Théâtre
Clovis Cornillac, dans les cordes parfaites de La Contrebasse

Clovis Cornillac, dans les cordes parfaites de La Contrebasse

29 janvier 2014 | PAR Jean-Christophe Mary

Clovis Cornillac se lance un nouveau défi : reprendre le rôle brillamment interprété par Jacques Villeret. Dans La contrebasse » de Patrick Süskind l’auteur du « Parfum », l’acteur entreprend un monologue avec le public autour de cet instrument, le plus puissant de l’orchestre, le plus encombrant aussi. Un pari réussi.

[rating=4]

Pas évident de reprendre un tel rôle si justement incarné durant sept ans par Jacques Villeret. Et pourtant Clovis Cornillac réussit là un vrai tour de force dans cette comédie à la fois tragique et drôle qui laisse transparaître les frustrations et les rancœurs du musicien et de l’homme. On y découvre le travail d’acteur d’un Clovis Cornillac une gestuelle précise et étonnante.

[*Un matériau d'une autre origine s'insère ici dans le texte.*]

lemma pf_conc_inst: "pf_conc_le Layer H (inst \<sigma> W) (occupancy (inst \<sigma> W) uniform_policy) 4"
proof -
  have occ: "occupancy (inst \<sigma> W) uniform_policy (Suc k) x a = 1 / (8 * J)" if "layer x = Suc k" for k x a
    unfolding occupancy_def state_dist_inst using that by (simp add: pmf_unif_layer)
  have "pmf (init (inst \<sigma> W)) x \<le> 4 * occupancy (inst \<sigma> W) uniform_policy 1 x a"
    if "x \<in> Layer 1" for x a
    using that occ[of x 0] J_pos by (simp add: Layer_def inst_def pmf_unif_layer frac_le)
  moreover have "pmf (trans (inst \<sigma> W) x a) x' \<le> 4 * occupancy (inst \<sigma> W) uniform_policy (Suc h) x' a'"
    if "x' \<in> Layer (Suc h)" for x a x' a' h
    using that occ[of x' h] J_pos by (simp add: Layer_def inst_def pmf_layer_given_hidden)
  ultimately show ?thesis unfolding pf_conc_le_def by blast
qed

lemma set_pmf_traj_from_inst:
  assumes "\<tau> \<in> set_pmf (traj_from (inst \<sigma> W) \<pi> k x)" "i < k"
  shows "layer (fst (\<tau> ! i)) = layer x + i \<and> snd (snd (\<tau> ! i)) \<in> {-1, 0, 1}"
  using assms
proof (induction k arbitrary: x \<tau> i)
  case (Suc k)
  from Suc.prems(1) obtain a x' \<tau>' where x': "layer x' = Suc (layer x)"
    and \<tau>': "\<tau>' \<in> set_pmf (traj_from (inst \<sigma> W) \<pi> k x')"
    and \<tau>: "\<tau> = (x, a, reward \<sigma> (hidden W) x) # \<tau>'"
    by (auto simp: inst_def set_pmf_layer_given_hidden)
  show ?case
    using Suc.IH[OF \<tau>', of "i - 1"] Suc.prems(2) x' unfolding \<tau>
    by (cases i) (auto simp: reward_def)
qed simp

lemma sum_rewards_eval_policy:
  assumes "\<tau> \<in> set_pmf (traj_from (inst \<sigma> W) (det_policy (\<lambda>_. True)) k x)"
    "1 \<le> layer x" "\<not> hidden W x" "layer x + k = Suc H"
  shows "sum_list (map (\<lambda>(x, a, r). r) \<tau>) = (if 0 < k then (if \<sigma> then 1 else -1) else 0)"
  using assms
proof (induction k arbitrary: x \<tau>)
  case (Suc k)
  from Suc.prems(1) obtain x' \<tau>' where x': "x' \<in> set_pmf (layer_given_hidden W (Suc (layer x)) (hidden W x))"
    and \<tau>': "\<tau>' \<in> set_pmf (traj_from (inst \<sigma> W) (det_policy (\<lambda>_. True)) k x')"
    and \<tau>: "\<tau> = (x, True, reward \<sigma> (hidden W) x) # \<tau>'"
    by (auto simp: det_policy_def inst_def hidden_next_def)
  have "layer x' = Suc (layer x)" "\<not> hidden W x'"
    using x' Suc.prems(3) by (auto simp: set_pmf_layer_given_hidden hidden_def)
  then show ?case
    using Suc.IH[OF \<tau>'] Suc.prems(3,4) unfolding \<tau> by (auto simp: reward_def)
qed simp

lemma policy_value_inst: "policy_value (inst \<sigma> W) (det_policy (\<lambda>_. True)) H = (if \<sigma> then 1 else -1)"
proof -
  have "sum_list (map (\<lambda>(x, a, r). r) \<tau>) = (if \<sigma> then 1 else -1)"
    if "\<tau> \<in> set_pmf (traj (inst \<sigma> W) (det_policy (\<lambda>_. True)) H)" for \<tau>
    using that H_pos sum_rewards_eval_policy[of \<tau> \<sigma> W H]
    by (auto simp: traj_def inst_def set_pmf_unif_layer Layer_def hidden_def)
  then show ?thesis
    unfolding policy_value_def
    by (subst integral_cong_AE[where g="\<lambda>_. if \<sigma> then 1 else -1"]) (auto simp: AE_measure_pmf_iff)
qed

section \<open>Indistinguishability of the two signs\<close>

fun traj_lik :: "bool \<Rightarrow> (nat \<Rightarrow> bool) \<Rightarrow> (nat \<Rightarrow> bool) \<Rightarrow> nat \<Rightarrow> trajectory \<Rightarrow> real" where
  "traj_lik \<sigma> B K x [] = 1"
| "traj_lik \<sigma> B K x [(y, a, r)] = (if y = x \<and> r = reward \<sigma> B x then 1/2 else 0)"
| "traj_lik \<sigma> B K x ((y, a, r) # (z, a', r') # \<tau>) =
     (if y = x \<and> r = reward \<sigma> B x \<and> layer z = Suc (layer x) \<and> B z = hidden_next B K x a
      then 1 / (4 * J) * traj_lik \<sigma> B K z ((z, a', r') # \<tau>) else 0)"

lemma pmf_traj_from_inst:
  assumes "1 \<le> layer x"
  shows "pmf (traj_from (inst \<sigma> W) uniform_policy k x) \<tau> =
    (if length \<tau> = k then traj_lik \<sigma> (hidden W) (toggles W) x \<tau> else 0)"
  using assms
proof (induction k arbitrary: x \<tau>)
  case 0
  then show ?case by (cases \<tau>) auto
next
  case (Suc k)
  show ?case
  proof (cases \<tau>)
    case Nil
    then show ?thesis by (simp only: pmf_traj_from_Suc_Nil) simp
  next
    case (Cons e \<tau>')
    obtain y a r where e: "e = (y, a, r)" by (cases e)
    note pmf_Cons = pmf_traj_from_Suc_Cons[of "inst \<sigma> W" uniform_policy k x y a r \<tau>']
    consider "k = 0" | "0 < k" "\<tau>' = []" | z a' r' \<tau>'' where "0 < k" "\<tau>' = (z, a', r') # \<tau>''"
      by (cases \<tau>') auto
    then show ?thesis
    proof cases
      case 1
      then show ?thesis using pmf_Cons unfolding Cons e by (simp add: inst_def)
    next
      case 2
      then show ?thesis
        using pmf_Cons pmf_traj_from_Suc_Nil[of "inst \<sigma> W" uniform_policy "k - 1"]
        unfolding Cons e by simp
    next
      case 3
      have IH: "layer z = Suc (layer x) \<Longrightarrow> pmf (traj_from (inst \<sigma> W) uniform_policy k z) \<tau>' =
          (if length \<tau>' = k then traj_lik \<sigma> (hidden W) (toggles W) z \<tau>' else 0)"
        using Suc.IH[of z] by simp
      show ?thesis
        using pmf_Cons IH pmf_trans_inst[OF Suc.prems, of \<sigma> W a z] 3
        unfolding Cons e by (auto simp: inst_def)
    qed
  qed
qed

lemma pmf_traj_inst:
  "pmf (traj (inst \<sigma> W) uniform_policy H) \<tau> =
    (if length \<tau> = H then pmf (unif_layer 1) (fst (\<tau> ! 0)) * traj_lik \<sigma> (hidden W) (toggles W) (fst (\<tau> ! 0)) \<tau>
     else 0)"
proof -
  have "pmf (traj (inst \<sigma> W) uniform_policy H) \<tau> =
      pmf (unif_layer 1) (fst (\<tau> ! 0)) * pmf (traj_from (inst \<sigma> W) uniform_policy H (fst (\<tau> ! 0))) \<tau>"
    unfolding traj_def using H_pos set_pmf_traj_from[of _ "inst \<sigma> W" uniform_policy H]
    by (subst pmf_bind_pmf_recover[where g="\<lambda>t. fst (t ! 0)"]) (auto simp: inst_def)
  then show ?thesis
    by (cases "layer (fst (\<tau> ! 0)) = 1") (simp_all add: pmf_traj_from_inst pmf_unif_layer)
qed

lemma traj_lik_cong:
  "\<forall>z\<in>fst ` set \<tau>. B1 z = B2 z \<and> K1 z = K2 z \<Longrightarrow> traj_lik \<sigma> B1 K1 x \<tau> = traj_lik \<sigma> B2 K2 x \<tau>"
proof (induction \<sigma> B1 K1 x \<tau> rule: traj_lik.induct)
  case (3 \<sigma> B K x y a r z a' r' \<tau>)
  let ?c = "y = x \<and> r = reward \<sigma> B x \<and> layer z = Suc (layer x) \<and> B z = hidden_next B K x a"
  have "B y = B2 y" "K y = K2 y" "B z = B2 z" using 3(2) by auto
  then have c: "?c \<longleftrightarrow> y = x \<and> r = reward \<sigma> B2 x \<and> layer z = Suc (layer x) \<and> B2 z = hidden_next B2 K2 x a"
    by (auto simp: reward_def hidden_next_def)
  have "traj_lik \<sigma> B K z ((z, a', r') # \<tau>) = traj_lik \<sigma> B2 K2 z ((z, a', r') # \<tau>)" if ?c
    using 3(1)[OF that] 3(2) by simp
  then show ?case using c by simp
qed (auto simp: reward_def)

Le contrebassiste se prépare pour la représentation et l’homme bascule dans une folie et de haine peu ordinaire à travers une succession de mélodrames et de situations souvent drôles. Il faut dire que le texte ciselé au millimètre, vous porte sans temps mort de bout en bout. L’histoire de ce contrebassiste fonctionnaire d’un grand orchestre philarmonique, célibataire à 40 ans qui a raté sa vie sombrant peu à peu dans la folie, provoquant son suicide social, maintient la tension de bout en bout. L’attention portée au décor bleu nuit à tiroir d’où le musicien sort tour à tour ses costumes, disques et partitions, est une vraie trouvaille. La mise en scène sobre et le montage serré vont aussi dans ce sens. C’est joué avec une telle précision et un tel sens de l’autodérision, on ne peut être qu’ émus et parfois en rire aux éclats. Le monologue est savoureux et les mots fusent à la vitesse de la lumière. Certaines scènes où le comédien avale bière sur bière, coupe carottes, poireaux en faisant parallèle entre musique classique et nazisme, parodie la démarche de l’éléphant du Carnaval des animaux de Camille St Saens où le passage où il mime l’inceste avec sa mère sont de vraies réussites, de vraies bouffées d’oxygène dans cette chute qui vire à la folie. Pantalon gris, chemise à carreaux et gilet, le jeu de Clovis Cornillac est une merveille de précision, le comédien n’hésitant pas à appuyer les passages drôles, quitte à entrer parfois dans le registre du sur-jeu.

Courez-y, durant une heure trente vous passez de l’émotion au rire, et vous aurez du mal à reprendre votre souffle.